Consistency is the last refuge of the unimaginative. – Oscar Wilde
A while back, I wrote a post extolling the virtues of consistency. The idea was that, over the long term, performance ability that regularly and reliably reaches a solid level yields superior results. In particular, it’s better than the ability to achieve exceptional performance sporadically against a general backdrop of mediocre performance. Consistency, in the sense of a deliberate observance of external codes of conduct, has true value as a guiding principle. It decreases the negative effects of chance by eliminating the mistakes that come from spontaneous misjudgements or momentary emotional lapses. There is, however, a darker side of consistency, and it’s related to the consistency of a person across time. In this sense, being consistent is about maintaining internal coherence between your past, present, and future behaviour. The problem is that it can be stifling. It can become just another pretext, another manifestation of fear.

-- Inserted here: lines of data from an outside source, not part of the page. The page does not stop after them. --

lemma nearest_dist_le_liminf:
  assumes k: "0 < k"
    and coords: "\<And>j. j < k \<Longrightarrow>
      (\<lambda>n. s n j) \<longlonglongrightarrow> c j \<or> filterlim (\<lambda>n. \<bar>s n j\<bar>) at_top sequentially"
  shows "ennreal (nearest_dist k c x) \<le> liminf (\<lambda>n. ennreal (nearest_dist k (s n) x))"
  unfolding le_Liminf_iff
proof (intro allI impI)
  fix t assume t: "t < ennreal (nearest_dist k c x)"
  then obtain b where b: "t = ennreal b" "0 \<le> b"
    by (cases t) auto
  with t have "b < nearest_dist k c x"
    by (simp add: ennreal_less_iff)
  then have "\<forall>\<^sub>F n in sequentially. b < nearest_dist k (s n) x"
    using eventually_nearest_dist_gt[of k b c x s] k coords by blast
  then show "\<forall>\<^sub>F n in sequentially. t < ennreal (nearest_dist k (s n) x)"
    by eventually_elim (use b in \<open>auto intro: ennreal_lessI\<close>)
qed

context real_distribution
begin

lemma quant_risk_minimizer:
  assumes int_x: "integrable M (\<lambda>x. x)" and k: "0 < k"
  obtains c where "\<And>y. quant_risk M k c \<le> quant_risk M k y"
proof -
  define G where "G y = (\<integral>\<^sup>+x. ennreal (nearest_dist k y x) \<partial>M)" for y
  obtain u where u: "\<And>n. u n \<in> range G" "u \<longlonglongrightarrow> Inf (range G)"
    using Inf_as_limit[of "range G"] by auto
  then have "\<forall>n. \<exists>y. u n = G y"
    by blast
  then obtain ys where ys: "\<And>n. u n = G (ys n)"
    by metis
  obtain r where r: "strict_mono r" "\<forall>j<k. monoseq (\<lambda>n. ys (r n) j)"
    using strict_mono_monoseq_coords by blast
  define c where "c j = lim (\<lambda>n. ys (r n) j)" for j
  have coords: "(\<lambda>n. ys (r n) j) \<longlonglongrightarrow> c j \<or> filterlim (\<lambda>n. \<bar>ys (r n) j\<bar>) at_top sequentially"
    if "j < k" for j
    unfolding c_def using monoseq_tendsto_or_abs_at_top r(2) that by blast
  have "(\<lambda>n. G (ys (r n))) \<longlonglongrightarrow> Inf (range G)"
    using LIMSEQ_subseq_LIMSEQ[OF u(2) r(1)] by (simp add: ys comp_def)
  then have "liminf (\<lambda>n. G (ys (r n))) = Inf (range G)"
    by (intro lim_imp_Liminf) auto
  moreover have "G c \<le> (\<integral>\<^sup>+x. liminf (\<lambda>n. ennreal (nearest_dist k (ys (r n)) x)) \<partial>M)"
    unfolding G_def by (intro nn_integral_mono nearest_dist_le_liminf[OF k coords])
  moreover have "\<dots> \<le> liminf (\<lambda>n. G (ys (r n)))"
    unfolding G_def by (intro nn_integral_liminf) measurable
  ultimately have "G c \<le> Inf (range G)"
    by simp
  then have "G c \<le> G y" for y
    by (meson Inf_lower order_trans rangeI)
  then show ?thesis
    by (intro that) (simp add: G_def nn_integral_nearest_dist[OF int_x k] quant_risk_nonneg[OF k])
qed

lemma W1_Pk_min_eq_quant_risk:
  assumes int_x: "integrable M (\<lambda>x. x)" and k: "0 < k"
    and c_min: "\<And>y. quant_risk M k c \<le> quant_risk M k y"
  shows "\<exists>\<nu>\<in>Pk k. W1 M \<nu> = ennreal (quant_risk M k c)"
    and "(INF \<nu>\<in>Pk k. W1 M \<nu>) = ennreal (quant_risk M k c)"
proof -
  have lower: "ennreal (quant_risk M k c) \<le> W1 M \<nu>" if \<nu>: "\<nu> \<in> Pk k" for \<nu>
  proof -
    obtain p where "ennreal (quant_risk M k p) \<le> W1 M \<nu>"
      using nn_integral_nearest_dist_le_W1[OF \<nu>, where \<mu>=M]
      by (auto simp: nn_integral_nearest_dist[OF int_x k])
    then show ?thesis
      using c_min[of p] by (meson ennreal_leI order_trans)
  qed
  obtain \<nu> where \<nu>: "\<nu> \<in> Pk k" "W1 M \<nu> \<le> ennreal (quant_risk M k c)"
    using exists_Pk_W1_le_nearest_dist[OF k, of c] by (auto simp: nn_integral_nearest_dist[OF int_x k])
  with lower have W1_\<nu>: "W1 M \<nu> = ennreal (quant_risk M k c)"
    by (intro antisym) auto
  with \<nu>(1) show "\<exists>\<nu>\<in>Pk k. W1 M \<nu> = ennreal (quant_risk M k c)" ..
  show "(INF \<nu>\<in>Pk k. W1 M \<nu>) = ennreal (quant_risk M k c)"
    using \<nu>(1) W1_\<nu> lower by (intro antisym INF_greatest INF_lower2) auto
qed

end

section \<open>The optimal social cost\<close>

lemma SC_nonneg: "0 < k \<Longrightarrow> 0 \<le> SC n x k y"
  unfolding SC_eq_nearest_dist by (intro mult_nonneg_nonneg sum_nonneg nearest_dist_nonneg) auto

lemma SC_le_add:
  assumes k: "0 < k" and close: "\<And>j. j < k \<Longrightarrow> \<bar>y j - y' j\<bar> \<le> e"
  shows "SC n x k y \<le> SC n x k y' + e"
proof (cases "n = 0")
  case True
  then show ?thesis
    using close[OF k] by (simp add: SC_def)
next
  case False
  have "nearest_dist k y (x i) \<le> nearest_dist k y' (x i) + e" for i
    using nearest_dist_le_add[OF k close, where x="x i" and x'="x i"] by simp
  then have "SC n x k y \<le> (1 / real n) * (\<Sum>i<n. nearest_dist k y' (x i) + e)"
    unfolding SC_eq_nearest_dist by (intro mult_left_mono sum_mono) auto
  also have "\<dots> = SC n x k y' + e"
    using False by (simp add: SC_eq_nearest_dist sum.distrib field_simps)
  finally show ?thesis .
qed

lemma SC_opt_le_SC:
  assumes k: "0 < k"
  shows "SC_opt n x k \<le> SC n x k y"
proof -
  define y' where "y' j = (if j < k then y j else 0)" for j
  have "SC_opt n x k \<le> SC n x k y'"
    unfolding SC_opt_def using SC_nonneg[OF k]
    by (intro cINF_lower bdd_belowI2[where m=0]) (auto simp: y'_def)
  also have "\<dots> \<le> SC n x k y + 0"
    by (rule SC_le_add[OF k]) (simp add: y'_def)
  finally show ?thesis
    by simp
qed

lemma centers_nonempty: "{y. \<forall>j\<ge>k. y j = (0::real)} \<noteq> {}"
proof -
  have "(\<lambda>_. 0) \<in> {y. \<forall>j\<ge>k. y j = (0::real)}"
    by simp
  then show ?thesis
    by blast
qed

lemma SC_opt_nonneg: "0 < k \<Longrightarrow> 0 \<le> SC_opt n x k"
  unfolding SC_opt_def using SC_nonneg by (intro cINF_greatest centers_nonempty)

definition rat_centers :: "nat \<Rightarrow> (nat \<Rightarrow> real) set" where
  "rat_centers k = (\<lambda>q j. if j < k then q j else 0) ` PiE {..<k} (\<lambda>_. \<rat>)"

lemma countable_rat_centers: "countable (rat_centers k)"
  unfolding rat_centers_def by (intro countable_image countable_PiE countable_rat) auto

lemma rat_centersI: "(\<And>j. q j \<in> \<rat>) \<Longrightarrow> (\<lambda>j. if j < k then q j else 0) \<in> rat_centers k"
  unfolding rat_centers_def by (intro image_eqI[of _ _ "restrict q {..<k}"]) auto

lemma Rats_approx:
  fixes y :: "nat \<Rightarrow> real"
  assumes e: "0 < e"
  obtains q where "\<And>j. q j \<in> \<rat>" "\<And>j. \<bar>y j - q j\<bar> < e"
proof -
  have "\<exists>r. r \<in> \<rat> \<and> \<bar>y j - r\<bar> < e" for j
  proof -
    obtain r where "r \<in> \<rat>" "y j - e < r" "r < y j + e"
      using Rats_dense_in_real[of "y j - e" "y j + e"] e by auto
    then show ?thesis
      by (intro exI[of _ r]) auto
  qed
  then show ?thesis
    using that by metis
qed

A friend recently sent me a video that animates a poem called “No Leaders Please” by Charles Bukowski. The central theme of this poem is self-reinvention. “[. . .] invent yourself and then reinvent yourself“, Bukowski exhorts us, “reinvigorate yourself and accept what is but only on the terms that you have invented and reinvented.” What struck me was the valorization of re-invention per se, not for any purpose or at any particular occasion. The poem seems to posit that periodic, and perhaps radical, re-invention is good and necessary in and of itself. It should be sought out as a necessary condition of flourishing.

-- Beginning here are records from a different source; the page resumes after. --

definition glue :: "'a \<times> 'b \<Rightarrow> ennreal" where
  "glue p = (\<Sum>w\<in>W. cell_density w * indicator (S w) (fst p) * indicator (T w) (snd p))
     + ennreal (1 - S1.matched (fst p)) * ennreal (1 - S2.matched (snd p)) * ennreal (1 / rest)"

lemma rest_nonneg: "0 \<le> rest" unfolding rest_def using S1.weight_sum_le_1 by simp

lemma glue_measurable[measurable]: "glue \<in> borel_measurable (M1 \<Otimes>\<^sub>M M2)"
proof -
  have [measurable]: "w \<in> W \<Longrightarrow> S w \<in> sets M1" "w \<in> W \<Longrightarrow> T w \<in> sets M2" for w
    using S1.sets_part S2.sets_part by auto
  show ?thesis unfolding glue_def
    by (intro borel_measurable_add borel_measurable_sum borel_measurable_times borel_measurable_const
        measurable_compose[OF measurable_fst borel_measurable_indicator]
        measurable_compose[OF measurable_snd borel_measurable_indicator]
        measurable_compose[OF measurable_fst measurable_compose[OF S1.matched_measurable measurable_ennreal]]
        measurable_compose[OF measurable_snd measurable_compose[OF S2.matched_measurable measurable_ennreal]]
        borel_measurable_diff) (auto intro: S1.sets_part S2.sets_part)
qed

lemma cell_density_emeasure2:
  assumes w: "w \<in> W"
  shows "cell_density w * emeasure M2 (T w) = ennreal (a w / measure M1 (S w))"
proof (cases "measure M2 (T w) = 0")
  case True
  then show ?thesis using S2.weight_nonneg[OF w] S2.weight_le[OF w] unfolding cell_density_def by simp
next
  case False
  then show ?thesis using S1.weight_nonneg[OF w] unfolding cell_density_def
    by (simp add: S2.emeasure_eq_measure ennreal_mult[symmetric] field_simps)
qed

Viewed in this light, consistency becomes a trap. Its imperative for coherence creates the illusion that re-invention can only be undertaken if there is some external change in circumstances to justify it. It seems irrational or unfounded to change course just because. In the interest of being consistent, I have waited for, and in some cases, strained to find some material, objective change to justify doing something differently. In effect, I was a captive of my past through my need to remain consistent with myself. And if there was no objective circumstance to give me license to depart to from the past, then I was out of luck, at least temporarily.

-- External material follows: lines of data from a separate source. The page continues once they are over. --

(* Let $f(\mathbf{x})=\mathbf{x}^{T}A\mathbf{x}+b^{T}\mathbf{x}+1$ be a polynomial of degree $2$ ($A\in\mathbb{R}^{n\times n}$ symmetric, $A\neq0$, $b\in\mathbb{R}^n$) which admits a monic determinantal representation $f(\mathbf{x})=\det(I_k+L(\mathbf{x}))$, $L(\mathbf{x})=x_1A_1+\dots+x_nA_n$, with Hermitian (or real symmetric) $k\times k$ matrices $A_j$. Then the spectrahedron $S=\{\mathbf{x}\in\mathbb{R}^n: I_k+L(\mathbf{x})\succeq 0\}$ does not contain a full dimensional cone if and only if $A$ is negative semidefinite.
   Context: For $f(\mathbf{x})=\det(I+L(\mathbf{x}))$ of degree $d$, the spectrahedron $S=\{\mathbf{x}: I+L(\mathbf{x})\succeq 0\}$ is said to contain a full dimensional cone if there exists $\mathbf{x}\in\mathbb{R}^n$ such that $L(\mathbf{x})\succeq 0$ and $\operatorname{rank}L(\mathbf{x})=d$. *)

theory Defs
  imports "HOL-Analysis.Analysis"
begin

text \<open>Hermitian complex k x k matrix (real symmetric matrices are the special case
  with real entries).\<close>
definition hermitian_mat :: "complex^'k^'k \<Rightarrow> bool" where
  "hermitian_mat M \<longleftrightarrow> (\<forall>i j. M $ i $ j = cnj (M $ j $ i))"

definition psd_herm :: "complex^'k^'k \<Rightarrow> bool" where
  "psd_herm M \<longleftrightarrow> hermitian_mat M \<and>
     (\<forall>v::complex^'k. 0 \<le> Re (\<Sum>i\<in>UNIV. cnj (v $ i) * (M *v v) $ i))"

definition neg_semidef :: "real^'n^'n \<Rightarrow> bool" where
  "neg_semidef A \<longleftrightarrow> (\<forall>v::real^'n. v \<bullet> (A *v v) \<le> 0)"

definition pencil :: "('n::finite \<Rightarrow> complex^'k::finite^'k) \<Rightarrow> real^'n \<Rightarrow> complex^'k^'k" where
  "pencil As x = (\<chi> i j. \<Sum>l\<in>UNIV. complex_of_real (x $ l) * (As l $ i $ j))"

The truth is, though, that you never need a reason to change. You can simply re-invent yourself, or maybe, as Bukowski suggests, negotiate a different acceptance of the status quo based on re-invented terms. Waiting for an external thing is just a way of denying this freedom. In The Courage to be Disliked, Fumitake Koga and Ichiro Kishimi, explain that the psychologist Alfred Adler proposed a teleological view of human thoughts and motivation. In Adler’s view, humans are not, as Freud would have it, conditioned by past events. Rather, their present motivations and actions are determined by the goals that they are subconsciously pursuing. Unlike the past, these goals can be changed; indeed, they can be changed arbitrarily. And by changing the goal, whether necessarily, logically, deliberately, or simply arbitrarily, you can change yourself. The impossibility or difficulty of change that deviates from personal history is an illusion. It’s a mental trap born of the fear of freedom, the freedom that you have at any moment, through courage, to re-invent yourself.